Cattleya forbesii  Lindley

Introduzido em 1823 pela Sociedade Horticultural de Londres, através do seu coletor de Mr. Forbes, foi descrito por Lindley em sua Collectanea BOTANICA, dedicado a seu coletor. O cilíndrica hastes são cerca de um pé de altura, a inflorescência ereta e tendo de dois a cinco flores, cada um com cerca de três a quatro polegadas de diâmetro. As sépalas e pétalas são semelhantes, quase igual, pálido amarelo-verde para amarelo.O labelo é de três lóbulos, os l[obulos laterais angulares e laminação em torno da coluna, amarelo pálido do lado de fora, amarelo brilhante dentro; o lobo mediano é pequeno, arredondado, com uma margem dentada, amarelo pálido, com faixa central amarela brilhante, a garganta alinhada e manchado com vermelho-púrpura. Não tão vistoso como muitas outras espécies, este Cattleya nunca foi crescido em quantidade, embora seja um do primeiro do género a aparecer no cultivo. É uma planta atraente, no entanto, e bastante facilmente cultivadas, assim que for encontrado, ocasionalmente, nas coleções de amadores cujos interesses tendem para as orquídeas menos comuns. Ela floresce na primavera e verão.

 

 

 

 

I. Variedades dependentes pela forma da flor: 

 

II. Variedades dependentes  pela forma do colorido da flor:

a) Albescens;

b) Puntata;

c) Maculata;

d) Multiforme;

f) Venosa.

 

III. Variedades dependentes pelo colorido da flor:

a) Tipo;

b) Aurea;

c) Rosa;

d) Parda;

e) Suave;

f) Caerulea;

g) Semi-albina;

h) Albina;

i) Rubra;

 

Cattleya forbesii  Lindley – Classificação/ Hortocultural - Descrição.

 

I -  Cattleya forbesii  Lindley - TIPO

Referência

TIPO

 FCO (2006)

 Pétalas e sépalas em tons de colorido verde – amarelados ao bege, labelo internamente completamente estriado em tons avermelhados ao castanho sobre o fundo amarelo: Leves venulações nas sépalas e pétalas são comuns nesta variedade. O lobo central do labelo apresenta leve colorido rosado

 Cattleya forbesii em  Santa Catarina (2013)

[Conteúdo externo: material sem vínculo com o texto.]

(* Let $p$ be a prime and $n\ge1$. Let $N_n=\prod_{1\le h\le k\le n,\ \gcd(h,k)=1} h$ be the product of the numerators of all nonzero Farey fractions of order $n$ (each written in lowest terms). Then $$\mathrm{ord}_p(N_n)=\sum_{b=1}^{\lfloor\log_p n\rfloor}\ \sum_{a=1}^{\lfloor n/p^b\rfloor}\left(\varphi(ap^b)\Big(\Big\lfloor\frac{n}{ap^b}\Big\rfloor-1\Big)+\sum_{j\mid ap}\mu(j)\Big\lfloor\frac{d}{j}\Big\rfloor\right),$$ where, for each pair $(a,b)$, $d$ is the unique integer with $0\le d<ap^b$ and $d\equiv n\pmod{ap^b}$.
   Context: $\mathrm{ord}_p(m)$ is the exponent of the prime $p$ in the positive integer $m$; $\varphi$ is Euler's totient function, $\mu$ the M\"obius function, and the inner sum is over positive divisors $j$ of $ap$. *)

theory Defs
  imports "HOL-Number_Theory.Number_Theory" "HOL-Computational_Algebra.Squarefree"
begin

definition moebius :: "nat \<Rightarrow> int" where
  "moebius j = (if squarefree j then (-1) ^ card (prime_factors j) else 0)"

definition farey_num_prod :: "nat \<Rightarrow> nat" where
  "farey_num_prod n = (\<Prod>(h, k) \<in> {(h, k). 1 \<le> h \<and> h \<le> k \<and> k \<le> n \<and> coprime h k}. h)"

end

theory Submission
  imports Defs
begin

text \<open>
  The multiplicity of \<open>p\<close> in \<open>N\<^sub>n\<close> is the sum of the multiplicities of the numerators \<open>h\<close>,
  i.e. the number of pairs \<open>(b, (h, k))\<close> with \<open>b \<ge> 1\<close> and \<open>p\<^sup>b\<close> dividing \<open>h\<close>. For
  \<open>h = a p\<^sup>b\<close> the partners \<open>k\<close> are the integers in \<open>[h, n]\<close> coprime to \<open>h\<close>. Counting the
  integers in \<open>[1, x]\<close> coprime to \<open>m\<close> gives \<open>\<phi>(m)\<close> per full period of length \<open>m\<close>, plus
  \<open>\<Sum>\<^sub>j\<^sub>|\<^sub>m \<mu>(j) \<lfloor>d/j\<rfloor>\<close> on the remaining segment \<open>[1, d]\<close>; and since \<open>a p\<^sup>b\<close> and \<open>a p\<close>
  have the same prime divisors, \<open>m = a p\<^sup>b\<close> may be replaced by \<open>a p\<close> there.
\<close>

lemma moebius_prime_mult:
  assumes "prime q" "\<not> q dvd j" "j > 0"
  shows "moebius (q * j) = - moebius j"
proof -
  have "coprime q j" using assms by (simp add: prime_imp_coprime)
  then have "squarefree (q * j) \<longleftrightarrow> squarefree j"
    using assms squarefree_mult_coprime squarefree_multD(2) squarefree_prime by blast
  moreover have "prime_factors (q * j) = insert q (prime_factors j)"
    using assms by (simp add: prime_factors_product prime_prime_factors)
  moreover have "q \<notin> prime_factors j" using assms(2) by auto
  ultimately show ?thesis by (simp add: moebius_def)
qed

text \<open>
  For a prime \<open>q\<close> dividing \<open>g\<close>, the divisors of \<open>g\<close> not divisible by \<open>q\<close> cancel against their
  \<open>q\<close>-multiples, and all other divisors are divisible by \<open>q\<^sup>2\<close>.
\<close>
lemma sum_moebius_divisors:
  fixes g :: nat
  assumes "g > 0"
  shows "(\<Sum>j | j dvd g. moebius j) = (if g = 1 then 1 else 0)"
proof (cases "g = 1")
  case True
  then show ?thesis by (simp add: moebius_def)
next
  case False
  then obtain q where q: "prime q" "q dvd g" using prime_factor_nat by blast
  define D where "D = {j. j dvd g \<and> \<not> q dvd j}"
  have fin: "finite {j. j dvd g}" using assms by simp
  then have finD: "finite D" unfolding D_def by (rule rev_finite_subset) auto
  have multiples: "(*) q ` D \<subseteq> {j. j dvd g}"
    using q by (auto simp: D_def prime_imp_coprime divides_mult)
  have "(\<Sum>j | j dvd g. moebius j) = (\<Sum>j \<in> D \<union> (*) q ` D. moebius j)"
  proof (rule sum.mono_neutral_right[OF fin])
    show "D \<union> (*) q ` D \<subseteq> {j. j dvd g}" using multiples by (auto simp: D_def)
    show "\<forall>i \<in> {j. j dvd g} - (D \<union> (*) q ` D). moebius i = 0"
    proof
      fix i assume i: "i \<in> {j. j dvd g} - (D \<union> (*) q ` D)"
      then have "q dvd i" "i dvd g" by (auto simp: D_def)
      then obtain i' where i': "i = q * i'" by blast
      then have "q dvd i'" using i \<open>i dvd g\<close> by (auto simp: D_def dest: dvd_mult_right)
      then have "q * q dvd i" using i' by simp
      then have "\<not> squarefree i"
        using q by (metis not_prime_unit power2_eq_square squarefree_def)
      then show "moebius i = 0" by (simp add: moebius_def)
    qed
  qed
  also have "\<dots> = (\<Sum>j \<in> D. moebius j) + (\<Sum>j \<in> D. moebius (q * j))"
    using finD prime_gt_0_nat[OF q(1)]
    by (subst sum.union_disjoint) (auto simp: D_def sum.reindex inj_on_def)
  also have "(\<Sum>j \<in> D. moebius (q * j)) = (\<Sum>j \<in> D. - moebius j)"
    using q(1) assms by (intro sum.cong refl moebius_prime_mult) (auto simp: D_def intro: gr0I)
  finally show ?thesis using False by (simp add: sum_negf)
qed

definition coprime_count :: "nat \<Rightarrow> nat \<Rightarrow> nat" where
  "coprime_count m x = card {k \<in> {1..x}. coprime k m}"

lemma coprime_count_Suc:
  "coprime_count m (Suc x) = coprime_count m x + (if coprime (Suc x) m then 1 else 0)"
proof -
  have "{k \<in> {1..Suc x}. coprime k m} =
      {k \<in> {1..x}. coprime k m} \<union> (if coprime (Suc x) m then {Suc x} else {})"
    by (auto simp: le_Suc_eq)
  then show ?thesis by (simp add: coprime_count_def)
qed

lemma coprime_count_moebius:
  assumes "m > 0"
  shows "int (coprime_count m x) = (\<Sum>j | j dvd m. moebius j * int (x div j))"
proof (induction x)
  case 0
  then show ?case by (simp add: coprime_count_def)
next
  case (Suc x)
  have fin: "finite {j. j dvd m}" using assms by simp
  have Suc_div: "int (Suc x div j) = int (x div j) + (if j dvd Suc x then 1 else 0)"
    if "j dvd m" for j
  proof -
    have "j > 0" using that assms by (metis dvd_0_left_iff gr0I less_irrefl)
    then show ?thesis by (simp add: div_Suc dvd_eq_mod_eq_0)
  qed
  have "(\<Sum>j | j dvd m. moebius j * int (Suc x div j)) =
      (\<Sum>j | j dvd m. moebius j * int (x div j) + (if j dvd Suc x then moebius j else 0))"
    by (rule sum.cong) (simp_all add: Suc_div distrib_left)
  also have "\<dots> = (\<Sum>j | j dvd m. moebius j * int (x div j)) +
      (\<Sum>j | j dvd m. if j dvd Suc x then moebius j else 0)"
    by (rule sum.distrib)
  also have "(\<Sum>j | j dvd m. if j dvd Suc x then moebius j else 0) = (\<Sum>j \<in> {j \<in> {j. j dvd m}. j dvd Suc x}. moebius j)"
    by (rule sum.inter_filter[symmetric, OF fin])
  also have "{j \<in> {j. j dvd m}. j dvd Suc x} = {j. j dvd gcd (Suc x) m}"
    by auto
  also have "(\<Sum>j | j dvd gcd (Suc x) m. moebius j) = (if coprime (Suc x) m then 1 else 0)"
    unfolding coprime_iff_gcd_eq_1 by (rule sum_moebius_divisors) simp
  finally show ?case using Suc by (simp add: coprime_count_Suc)
qed

lemma coprime_count_self: "coprime_count m m = totient m"
proof -
  have "{k \<in> {1..m}. coprime k m} = totatives m" by (auto simp: totatives_def)
  then show ?thesis by (simp add: coprime_count_def totient_def)
qed

lemma coprime_count_mult_add:
  assumes "m > 0"
  shows "coprime_count m (q * m + d) = q * totient m + coprime_count m d"
proof -
  have "int (coprime_count m (q * m + d)) =
      (\<Sum>j | j dvd m. int q * (moebius j * int (m div j)) + moebius j * int (d div j))"
    unfolding coprime_count_moebius[OF assms]
    by (rule sum.cong)
      (auto simp: div_plus_div_distrib_dvd_left dvd_div_mult algebra_simps)
  also have "\<dots> = int q * int (coprime_count m m) + int (coprime_count m d)"
    by (simp add: sum.distrib coprime_count_moebius[OF assms] sum_distrib_left)
  finally show ?thesis by (simp add: coprime_count_self flip: of_nat_mult of_nat_add)
qed

lemma coprime_count_mult_power:
  assumes "b > 0"
  shows "coprime_count (a * c ^ b) x = coprime_count (a * c) x"
  using assms by (simp add: coprime_count_def)

lemma card_coprime_partners:
  assumes "2 \<le> m" "m \<le> n"
  shows "int (card {k. m \<le> k \<and> k \<le> n \<and> coprime m k}) =
    int (totient m) * (int (n div m) - 1) + int (coprime_count m (n mod m))"
proof -
  have "{k \<in> {1..n}. coprime k m} = {k \<in> {1..m}. coprime k m} \<union> {k. m \<le> k \<and> k \<le> n \<and> coprime m k}"
    using assms by (auto simp: coprime_commute)
  then have "coprime_count m n = coprime_count m m + card {k. m \<le> k \<and> k \<le> n \<and> coprime m k}"
    unfolding coprime_count_def using assms
    by (subst card_Un_disjoint[symmetric]) (auto intro: finite_subset[of _ "{..n}"])
  moreover have "coprime_count m n = (n div m) * totient m + coprime_count m (n mod m)"
    using assms coprime_count_mult_add[of m "n div m" "n mod m"] by simp
  ultimately have "int (card {k. m \<le> k \<and> k \<le> n \<and> coprime m k}) + int (totient m) =
      int (n div m) * int (totient m) + int (coprime_count m (n mod m))"
    by (simp add: coprime_count_self flip: of_nat_mult of_nat_add)
  then show ?thesis by (simp add: algebra_simps)
qed

lemma multiplicity_le_nat_floor_log:
  fixes p h n :: nat
  assumes "prime p" "0 < h" "h \<le> n"
  shows "multiplicity p h \<le> nat \<lfloor>log (real p) (real n)\<rfloor>"
proof -
  have "p ^ multiplicity p h \<le> n"
    using assms by (meson dvd_imp_le le_trans multiplicity_dvd)
  then have "real (multiplicity p h) \<le> log (real p) (real n)"
    using assms prime_gt_1_nat[OF assms(1)]
    by (subst le_log_iff) (auto simp: powr_realpow simp flip: of_nat_power)
  then show ?thesis by linarith
qed

lemma multiplicity_eq_card_power_dvd:
  assumes "h \<noteq> 0" "\<not> is_unit p" "multiplicity p h \<le> B"
  shows "multiplicity p h = card {b \<in> {1..B}. p ^ b dvd h}"
proof -
  have "{b \<in> {1..B}. p ^ b dvd h} = {1..multiplicity p h}"
    using assms by (auto simp: power_dvd_iff_le_multiplicity)
  then show ?thesis by simp
qed

definition farey_pairs :: "nat \<Rightarrow> (nat \<times> nat) set" where
  "farey_pairs n = {(h, k). 1 \<le> h \<and> h \<le> k \<and> k \<le> n \<and> coprime h k}"

lemma finite_farey_pairs: "finite (farey_pairs n)"
  by (rule finite_subset[of _ "{1..n} \<times> {1..n}"]) (auto simp: farey_pairs_def)

lemma card_farey_pairs_numerator_dvd:
  assumes "P > 0"
  shows "card {x \<in> farey_pairs n. P dvd fst x} =
    (\<Sum>a = 1..n div P. card {k. a * P \<le> k \<and> k \<le> n \<and> coprime (a * P) k})"
proof -
  define K where "K a = {k. a * P \<le> k \<and> k \<le> n \<and> coprime (a * P) k}" for a
  have "{x \<in> farey_pairs n. P dvd fst x} = (\<lambda>(a, k). (a * P, k)) ` Sigma {1..n div P} K"
  proof (intro equalityI subsetI)
    fix x assume "x \<in> {x \<in> farey_pairs n. P dvd fst x}"
    then obtain a k where "x = (a * P, k)" "1 \<le> a * P" "a * P \<le> k" "k \<le> n" "coprime (a * P) k"
      by (auto simp: farey_pairs_def mult.commute)
    then show "x \<in> (\<lambda>(a, k). (a * P, k)) ` Sigma {1..n div P} K"
      using assms by (auto simp: K_def less_eq_div_iff_mult_less_eq intro!: image_eqI[of _ _ "(a, k)"])
  qed (use assms in \<open>auto simp: farey_pairs_def K_def\<close>)
  moreover have "inj_on (\<lambda>(a, k). (a * P, k)) (Sigma {1..n div P} K)"
    using assms by (auto simp: inj_on_def)
  moreover have "finite (K a)" for a
    by (rule finite_subset[of _ "{..n}"]) (auto simp: K_def)
  ultimately show ?thesis
    by (simp add: card_image K_def)
qed

lemma multiplicity_farey_num_prod:
  fixes p n :: nat
  assumes "prime p"
  defines "B \<equiv> nat \<lfloor>log (real p) (real n)\<rfloor>"
  shows "multiplicity p (farey_num_prod n) = (\<Sum>b = 1..B. card {x \<in> farey_pairs n. p ^ b dvd fst x})"
proof -
  have "multiplicity p (\<Prod>x \<in> farey_pairs n. fst x) = (\<Sum>x \<in> farey_pairs n. multiplicity p (fst x))"
  proof (rule prime_elem_multiplicity_prod_distrib)
    show "0 \<notin> fst ` farey_pairs n"
      unfolding farey_pairs_def by force
  qed (use assms(1) finite_farey_pairs in auto)
  moreover have "farey_num_prod n = (\<Prod>x \<in> farey_pairs n. fst x)"
    unfolding farey_num_prod_def farey_pairs_def by (simp only: case_prod_beta')
  ultimately have "multiplicity p (farey_num_prod n) = (\<Sum>x \<in> farey_pairs n. multiplicity p (fst x))"
    by simp
  also have "\<dots> = (\<Sum>x \<in> farey_pairs n. card {b \<in> {1..B}. p ^ b dvd fst x})"
  proof (rule sum.cong)
    fix x assume "x \<in> farey_pairs n"
    then have "0 < fst x" "fst x \<le> n" by (auto simp: farey_pairs_def)
    then show "multiplicity p (fst x) = card {b \<in> {1..B}. p ^ b dvd fst x}"
      using assms(1) prime_gt_1_nat[OF assms(1)] multiplicity_le_nat_floor_log[OF assms(1)]
      unfolding B_def by (intro multiplicity_eq_card_power_dvd) simp_all
  qed simp
  also have "\<dots> = (\<Sum>x \<in> farey_pairs n. \<Sum>b = 1..B. of_bool (p ^ b dvd fst x))"
    by (simp add: Int_def)
  also have "\<dots> = (\<Sum>b = 1..B. \<Sum>x \<in> farey_pairs n. of_bool (p ^ b dvd fst x))"
    by (rule sum.swap)
  also have "\<dots> = (\<Sum>b = 1..B. card {x \<in> farey_pairs n. p ^ b dvd fst x})"
    by (simp add: Int_def finite_farey_pairs)
  finally show ?thesis .
qed

lemma card_coprime_partners_prime_power:
  assumes "prime p" "1 \<le> a" "1 \<le> b" "a * p ^ b \<le> n"
  shows "int (card {k. a * p ^ b \<le> k \<and> k \<le> n \<and> coprime (a * p ^ b) k}) =
    int (totient (a * p ^ b)) * (int (n div (a * p ^ b)) - 1)
    + (\<Sum>j \<in> {j. j dvd a * p}. moebius j * int (n mod (a * p ^ b) div j))"
proof -
  have p: "2 \<le> p" using assms(1) by (rule prime_ge_2_nat)
  moreover have "p \<le> p ^ b" using p assms(3) by (simp add: self_le_power)
  moreover have "p ^ b \<le> a * p ^ b" using assms(2) by simp
  ultimately have "2 \<le> a * p ^ b" by linarith
  then have "int (card {k. a * p ^ b \<le> k \<and> k \<le> n \<and> coprime (a * p ^ b) k}) =
      int (totient (a * p ^ b)) * (int (n div (a * p ^ b)) - 1)
      + int (coprime_count (a * p) (n mod (a * p ^ b)))"
    using assms(4) coprime_count_mult_power[of b a p] assms(3)
    by (subst card_coprime_partners) simp_all
  also have "int (coprime_count (a * p) (n mod (a * p ^ b))) =
      (\<Sum>j \<in> {j. j dvd a * p}. moebius j * int (n mod (a * p ^ b) div j))"
    using assms(2) p by (intro coprime_count_moebius) simp
  finally show ?thesis .
qed

theorem lemma4p3:
  fixes p n :: nat
  assumes "prime p" and "n \<ge> 1"
  shows "int (multiplicity p (farey_num_prod n)) =
    (\<Sum>b = 1..nat \<lfloor>log (real p) (real n)\<rfloor>.
       \<Sum>a = 1..n div p ^ b.
         let d = n mod (a * p ^ b) in
         int (totient (a * p ^ b)) * (int (n div (a * p ^ b)) - 1)
         + (\<Sum>j \<in> {j. j dvd a * p}. moebius j * int (d div j)))"
proof -
  have "int (multiplicity p (farey_num_prod n)) =
      (\<Sum>b = 1..nat \<lfloor>log (real p) (real n)\<rfloor>. \<Sum>a = 1..n div p ^ b.
         int (card {k. a * p ^ b \<le> k \<and> k \<le> n \<and> coprime (a * p ^ b) k}))"
    using prime_gt_0_nat[OF assms(1)]
    unfolding multiplicity_farey_num_prod[OF assms(1)] of_nat_sum
    by (intro sum.cong refl) (simp add: card_farey_pairs_numerator_dvd)
  also have "\<dots> = (\<Sum>b = 1..nat \<lfloor>log (real p) (real n)\<rfloor>. \<Sum>a = 1..n div p ^ b.
         let d = n mod (a * p ^ b) in
         int (totient (a * p ^ b)) * (int (n div (a * p ^ b)) - 1)
         + (\<Sum>j \<in> {j. j dvd a * p}. moebius j * int (d div j)))"
  proof (intro sum.cong refl)
    fix b a assume "b \<in> {1..nat \<lfloor>log (real p) (real n)\<rfloor>}" "a \<in> {1..n div p ^ b}"
    moreover have "0 < p ^ b" using prime_gt_0_nat[OF assms(1)] by simp
    ultimately show "int (card {k. a * p ^ b \<le> k \<and> k \<le> n \<and> coprime (a * p ^ b) k}) = (let d = n mod (a * p ^ b) in
         int (totient (a * p ^ b)) * (int (n div (a * p ^ b)) - 1)
         + (\<Sum>j \<in> {j. j dvd a * p}. moebius j * int (d div j)))"
      unfolding Let_def using assms(1)
      by (intro card_coprime_partners_prime_power) (auto simp: less_eq_div_iff_mult_less_eq)
  qed
  finally show ?thesis .
qed

end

 Possui pétalas e sépalas coloridas em mistura de verde, bege e castanho, mas os exemplares de Itajaí podem variar tremendamente, com tons desde rosa ao amarelo palha. O labelo, internamente, é estriado em tons avermelhados ao castanho sore um fundo amarelo. Leves venulações nas sépalas e pétalas são comuns para esta variedade.

 

 

II - Cattleya forbesii  Lindley – ALBINA/ALBA

Referência

ALBINA/ALBA

 FCO (2006)

 Pétalas e sépalas verdes e lobo central do labelo branco. Em alguns exemplares o tom amarelo do tubo se estende por todo labelo cobrindo o habitual colorido característico da variedade. Os relevos das estrias são bem aparentes, mas nunca coloridas; Estas plantas quando envelhecem tingem as sépalas e pétalas em tons amarelos, sempre puros sem presença de outros pigmentos. Existem relatos de exemplares que apresenta o interior do tubo totalmente branco.

Esta planta também trata da variedade albina

 Cattleya forbesii em  Santa Catarina (2013)

 Pétalas e sépalas verde e lobo central do labelo branco; em alguns exemplares o tom amarelo do tubo se estende por todo o labelo cobrindo o habitual colorido branco característico da variedade;

 

 

III - Cattleya forbesii  Lindley – SEMI – ALBINA/VERIDIPETALA

Referência

SEMI-ALBINA/ VIRIDIPETALA*

 FCO (2006)

 Apresenta pétalas e sépalas puramente verdes e labelo com estrias coloridas mesmo que incompletas. Da mesma forma que a variedade albina, com o envelhecer da flor o colorido verde gradualmente substituído pelo amarelo. Nesta variedade, a exemplo da variedade albina, os botões florais são verdes ao longo de todo seu desenvolvimento.

 Cattleya forbesii em  Santa Catarina (2013)

 Apresenta pétalas e sépalas verdes e labelo com estrias coloridas.

 

 

IV-  Cattleya forbesii  Lindley – ROSA/ROSEA

Referência

ROSA/ROSEA

 FCO (2006)

Variedade definida pelo colorido das pétalas e sépalas em tons rosados sobre o fundo de colorido da variedade tipo; Algumas plantas apresentam uma desejável saturação de pigmentos eu cobre totalmente o fundo verde amarelado.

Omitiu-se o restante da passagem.